Stored items
(* Let $E>0$, $T>0$, $r,q\ge 0$ be constants and let $\beta:\mathbb{R}\to\mathbb{R}$ be a (sufficiently smooth) function. Let $V(t,S)$, $t\in[0,T]$, $S>0$, be a given (sufficiently smooth) function. Introduce the variables $u=\ln(S/E)$ and $\tau=T-t$, and define $$Y(\tau,u):=\partial_t V+(r-q)S\partial_S V+ S\, \beta(S\partial_S^2 V)-rV,$$ $$H(\tau,u):=S\,\partial^2_S V(t,S),$$ where the right-hand sides are evaluated at $t=T-\tau$, $S=Ee^{u}$. Then $$-\partial_\tau H+\partial_u\beta(H)+\partial^2_u\beta(H)+(r-q)\partial_u H-qH=\frac{1}{E}e^{-u}\left[\partial_u^2 Y-\partial_u Y\right].$$
   Context: In the paper $\beta(H)=\frac12\hat\sigma(H)^2H$ for a nonlinear volatility function $\hat\sigma$, $r$ is the interest rate, $q$ the dividend yield, $E$ the strike price and $T$ the maturity; the identity holds for a general function $\beta$. *)

theory Defs
  imports "HOL-Analysis.Analysis"
begin

definition pd_t :: "(real \<Rightarrow> real \<Rightarrow> real) \<Rightarrow> real \<Rightarrow> real \<Rightarrow> real" where
  "pd_t V t S = deriv (\<lambda>t'. V t' S) t"

definition pd_S :: "(real \<Rightarrow> real \<Rightarrow> real) \<Rightarrow> real \<Rightarrow> real \<Rightarrow> real" where
  "pd_S V t S = deriv (\<lambda>S'. V t S') S"

inductive_set partials :: "(real \<Rightarrow> real \<Rightarrow> real) \<Rightarrow> (real \<Rightarrow> real \<Rightarrow> real) set"
  for V where
    base: "V \<in> partials V"
  | dt: "g \<in> partials V \<Longrightarrow> pd_t g \<in> partials V"
  | dS: "g \<in> partials V \<Longrightarrow> pd_S g \<in> partials V"

text \<open>V is C-infinity on the (open) set U of the (t,S)-plane: every iterated
  partial derivative is (Frechet) differentiable, hence continuous, on U.\<close>
definition smooth2_on :: "(real \<times> real) set \<Rightarrow> (real \<Rightarrow> real \<Rightarrow> real) \<Rightarrow> bool" where
  "smooth2_on U V \<longleftrightarrow> (\<forall>g \<in> partials V. (case_prod g) differentiable_on U)"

* [Your goal]
Scan the entries and show every line in which the word "definition" is found.

* [Response]
definition pd_t :: "(real \<Rightarrow> real \<Rightarrow> real) \<Rightarrow> real \<Rightarrow> real \<Rightarrow> real" where
definition pd_S :: "(real \<Rightarrow> real \<Rightarrow> real) \<Rightarrow> real \<Rightarrow> real \<Rightarrow> real" where
definition smooth2_on :: "(real \<times> real) set \<Rightarrow> (real \<Rightarrow> real \<Rightarrow> real) \<Rightarrow> bool" where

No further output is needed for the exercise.